As Communications Service Providers (CSPs) worldwide scale up the deployments of their 5G networks, they face strong pressure to optimize their Return on Investment (RoI), given the massive expenses they already incurred to acquire spectrum as well as the ongoing costs of infrastructure rollouts.
Going against the flow
Most network applications and appliances are limited in their performance because packet processing is a very heavy and CPU intensive task. Packet processing normally includes activities like decoding (at least up to layer 4; sometimes even up to layer 7) which enables a stateful evaluation of each packet based on the flow context it belongs to.
Flow shunting
Some applications only require this cumbersome inspection for the first few packets, and the remaining packets in the same flows can then be handled by a flow table lookup or a flow cache. This can significantly increase the performance of the application as a lookup into a flow table is much faster than the full inspection and evaluation of each packet. This flow caching is often referred to as flow shunting.
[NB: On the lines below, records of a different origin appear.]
lemma inj_w: "inj w"
  using weyl_group_orthogonal_transformation[OF weyl] orthogonal_transformation_inj by blast

lemma inv_w_w [simp]: "inv w (w x) = x"
  using inj_w by simp

lemma w_add: "w (x + y) = w x + w y"
  using linear_add[OF linear_w] .

lemma w_uminus: "w (- x) = - w x"
  using linear_neg[OF linear_w] .

lemma w_diff: "w (x - y) = w x - w y"
  using linear_diff[OF linear_w] .

lemma w_root: "r \<in> R \<Longrightarrow> w r \<in> R"
  using weyl_group_maps_roots[OF weyl refl_root_in_roots] by blast

lemma w_mem_image_neg_roots_iff [simp]: "w m \<in> w ` neg_roots R P \<longleftrightarrow> - m \<in> pos_roots R P"
  using inj_w by (simp add: mem_neg_roots_iff inj_image_mem_iff)

lemma w_add_mem_inversion_set:
  assumes "w n \<in> pos_roots R P" and "w q \<in> pos_roots R P" and nq: "- n - q \<in> pos_roots R P"
  shows "w (n + q) \<in> inversion_set"
proof -
  have "- (- n - q) \<in> R" using uminus_root_in_roots nq pos_roots_subset_roots by blast
  then have "w (n + q) \<in> R" using w_root by (simp add: add.commute)
  moreover have "w (n + q) \<in> nonneg_int_comb P"
    using assms(1,2) by (auto simp: w_add pos_roots_def intro: nonneg_int_comb_add)
  ultimately show ?thesis using nq by (simp add: pos_roots_def add.commute)
qed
But even with flow shunting, the performance of modern inline security applications remains limited as all packets still have to be received by the application, looked up in the flow cache and, based on the flow context information, be retransmitted or dropped.
Application acceleration
To achieve the next level of acceleration, we therefore need to move the flow shunting and the entire flow table into a SmartNIC, thereby enabling packet management directly in the SmartNIC for flows that have already been classified by the application. That way, we remove the need to bring the packet data into the application space for the lookup and, potentially, the retransmission. This approach will significantly increase the performance of the application, which now only needs to handle packets for flows that have not yet been classified, i.e. unlearned flows. In other words, we enable the application to focus only on packet/flow classification, moving the responsibility of the packet-by-packet forwarding/dropping to the SmartNIC.
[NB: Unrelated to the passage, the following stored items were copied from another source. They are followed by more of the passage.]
lemma Delta_pow_scale: "Delta_pow D s (scale c a) \<approx> fsmult c (Delta_pow D s a)"
proof (induction s)
  case 0
  then show ?case using word_scale_slot[of "[]" c a "[]"] by (simp only: Delta_pow.simps append.simps)
next
  case (Suc s)
  have "lin_ext (first_Delta D) (Delta_pow D s (scale c a)) \<approx>
          lin_ext (first_Delta D) (fsmult c (Delta_pow D s a))"
    by (intro lin_ext_teq_cong[OF respects_multilin_first_Delta] finite_supp_Delta_pow
        finite_supp_fsmult Suc.IH)
  then show ?case by (simp only: Delta_pow_Suc lin_ext_fsmult[OF finite_supp_Delta_pow])
qed

definition Delta_pow_id :: "nat \<Rightarrow> 'h list \<Rightarrow> ('h list \<Rightarrow> 'k)" where
  "Delta_pow_id s w =
     (if length w = 2 then lin_ext (pad [] [w!1]) (Delta_pow D s (w!0)) else 0)"

lemma Delta_pow_id_word2: "Delta_pow_id s [a, b] = lin_ext (pad [] [b]) (Delta_pow D s a)"
  by (simp add: Delta_pow_id_def)

lemma finite_supp_Delta_pow_id[simp, intro]: "finite_supp (Delta_pow_id s w)"
  by (auto simp: Delta_pow_id_def)

lemma respects_multilin_Delta_pow_id: "respects_multilin (Delta_pow_id s)"
proof (rule respects_multilin_length2I)
  show "\<And>w. length w \<noteq> 2 \<Longrightarrow> Delta_pow_id s w = 0" by (simp add: Delta_pow_id_def)
  show "Delta_pow_id s [a + a', b] \<approx> Delta_pow_id s [a, b] + Delta_pow_id s [a', b]" for a a' b
  proof -
    have "lin_ext (pad [] [b]) (Delta_pow D s (a + a')) \<approx>
            lin_ext (pad [] [b]) (Delta_pow D s a + Delta_pow D s a')"
      by (intro pad_teq Delta_pow_add) auto
    then show ?thesis by (simp add: Delta_pow_id_word2 lin_ext_add)
  qed
  show "Delta_pow_id s [scale c a, b] \<approx> fsmult c (Delta_pow_id s [a, b])" for c a b
  proof -
    have "lin_ext (pad [] [b]) (Delta_pow D s (scale c a)) \<approx>
            lin_ext (pad [] [b]) (fsmult c (Delta_pow D s a))"
      by (intro pad_teq Delta_pow_scale) auto
    then show ?thesis by (simp add: Delta_pow_id_word2 lin_ext_fsmult)
  qed
  show "Delta_pow_id s [a, b + b'] \<approx> Delta_pow_id s [a, b] + Delta_pow_id s [a, b']" for a b b'
    using pad_add_suffix[of "Delta_pow D s a" "[]" b b' "[]"] by (simp add: Delta_pow_id_word2)
  show "Delta_pow_id s [a, scale c b] \<approx> fsmult c (Delta_pow_id s [a, b])" for c a b
    using pad_scale_suffix[of "Delta_pow D s a" "[]" c b "[]"] by (simp add: Delta_pow_id_word2)
qed

lemma Delta_pow_id_add_first: "Delta_pow_id s [x + y, d] \<approx> Delta_pow_id s [x, d] + Delta_pow_id s [y, d]"
  using respects_multilin_Delta_pow_id[of s] unfolding respects_multilin_def
  by (metis append.simps(1))

lemma Delta_pow_id_scale_first: "Delta_pow_id s [scale c x, d] \<approx> fsmult c (Delta_pow_id s [x, d])"
  using respects_multilin_Delta_pow_id[of s] unfolding respects_multilin_def
  by (metis append.simps(1))

lemma Delta_pow_id_add_second: "Delta_pow_id s [d, x + y] \<approx> Delta_pow_id s [d, x] + Delta_pow_id s [d, y]"
  using respects_multilin_Delta_pow_id[of s] unfolding respects_multilin_def
  by (metis append_Cons append_Nil)

lemma Delta_pow_id_scale_second: "Delta_pow_id s [d, scale c x] \<approx> fsmult c (Delta_pow_id s [d, x])"
  using respects_multilin_Delta_pow_id[of s] unfolding respects_multilin_def
  by (metis append_Cons append_Nil)

lemma first_Delta_append:
  assumes "u \<noteq> []"
  shows "first_Delta D (u @ [q]) = lin_ext (pad [] [q]) (first_Delta D u)"
proof -
  have "lin_ext (pad [] [q]) (first_Delta D u) =
        lin_ext (\<lambda>v. lin_ext (pad [] [q]) (pad [] (tl u) v)) (D (hd u))"
    using assms by (simp add: first_Delta_eq lin_ext_comp)
  also have "\<dots> = first_Delta D (u @ [q])"
    using assms by (simp add: first_Delta_eq pad_def[abs_def])
  finally show ?thesis by simp
qed

lemma Delta_pow_Suc_eq_Delta_pow_id: "Delta_pow D (Suc s) x \<approx> lin_ext (Delta_pow_id s) (D x)"
proof (induction s)
  case 0
  have "lin_ext (Delta_pow_id 0) (D x) = lin_ext word (D x)"
  proof (rule lin_ext_cong)
    fix w assume "w \<in> supp (D x)"
    then obtain p q where "w = [p, q]" using length_supp_Delta length2_obtain by blast
    then show "Delta_pow_id 0 w = word w" by (simp add: Delta_pow_id_word2 pad_def)
  qed
  then show ?case by (simp add: lin_ext_word_id)
next
  case (Suc s)
  have "Delta_pow D (Suc (Suc s)) x = lin_ext (first_Delta D) (Delta_pow D (Suc s) x)"
    by simp
  also have "\<dots> \<approx> lin_ext (first_Delta D) (lin_ext (Delta_pow_id s) (D x))"
    using Suc by (intro lin_ext_teq_cong[OF respects_multilin_first_Delta]) auto
  also have "\<dots> = lin_ext (\<lambda>w. lin_ext (first_Delta D) (Delta_pow_id s w)) (D x)"
    by (rule lin_ext_comp) auto
  also have "\<dots> = lin_ext (Delta_pow_id (Suc s)) (D x)"
  proof (rule lin_ext_cong)
    fix w assume "w \<in> supp (D x)"
    then obtain p q where w: "w = [p, q]" using length_supp_Delta length2_obtain by blast
    have "lin_ext (first_Delta D) (Delta_pow_id s w) =
            lin_ext (\<lambda>u. first_Delta D (u @ [q])) (Delta_pow D s p)"
      by (simp add: w Delta_pow_id_word2 lin_ext_comp pad_def)
    also have "\<dots> = lin_ext (\<lambda>u. lin_ext (pad [] [q]) (first_Delta D u)) (Delta_pow D s p)"
    proof (rule lin_ext_cong)
      fix u assume "u \<in> supp (Delta_pow D s p)"
      then have "u \<noteq> []" using length_supp_Delta_pow by fastforce
      then show "first_Delta D (u @ [q]) = lin_ext (pad [] [q]) (first_Delta D u)"
        by (rule first_Delta_append)
    qed
    also have "\<dots> = lin_ext (pad [] [q]) (Delta_pow D (Suc s) p)"
      by (simp add: Delta_pow_Suc lin_ext_comp)
    finally show "lin_ext (first_Delta D) (Delta_pow_id s w) = Delta_pow_id (Suc s) w"
      by (simp add: w Delta_pow_id_word2)
  qed
  finally show ?case .
qed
Take a network where only 10% of the packets belong to new or unclassified flows. When offloaded by a flow shunting SmartNIC, the application would then only have to process a tenth of the packets, which in the best case will increase the performance by a factor 10. This example demonstrates why flow shunting in a SmartNIC is a gamechanger. As more and more actions are added to the flow shunting mechanism – e.g. NAT, VLAN and VxLAN tagging/de-tagging, and IPSec en-/decryption – the performance gain will increase and make the SmartNIC continually more interesting for flow-based applications.
At Napatech, we have added a flow management feature to the data pipeline inside our SmartNICs. This flow table – or flow cache – has been implemented in the SmartNIC to offload and accelerate any flow-based applications. Based on the flow identified through the lookup, this new feature can perform a number of actions on the packet without involving the application. The first version, demoed in mid-October 2018, included the two basic actions: drop and forward. Based on these functionalities, we can provide flow shunting directly in the SmartNIC.
On the horizon
In the future, we will add more actions and thereby increase the number of use cases where we can do full SmartNIC offload thus providing even greater acceleration. We are currently working towards adding writeback into the flow table on a per-packet basis, thereby enabling metrics as well as stateful updates on a per-packet basis. Other potential actions to be added include:
- VLAN and VxLAN tagging and untagging
- NAT and NAPT
- IPSec en-/decryption
All these ideas will be implemented inline on a per-flow basis and without application involvement, except for the configuration.
This type of SmartNIC-based flow shunting has existed for some time, but Napatech is taking it to the next level with support for up to 2x100G connectivity, 100 Million bi-directional flows, a learning rate of 1-2 million new flows per second, metrics update on a per-packet basis – and adding more innovative actions over time.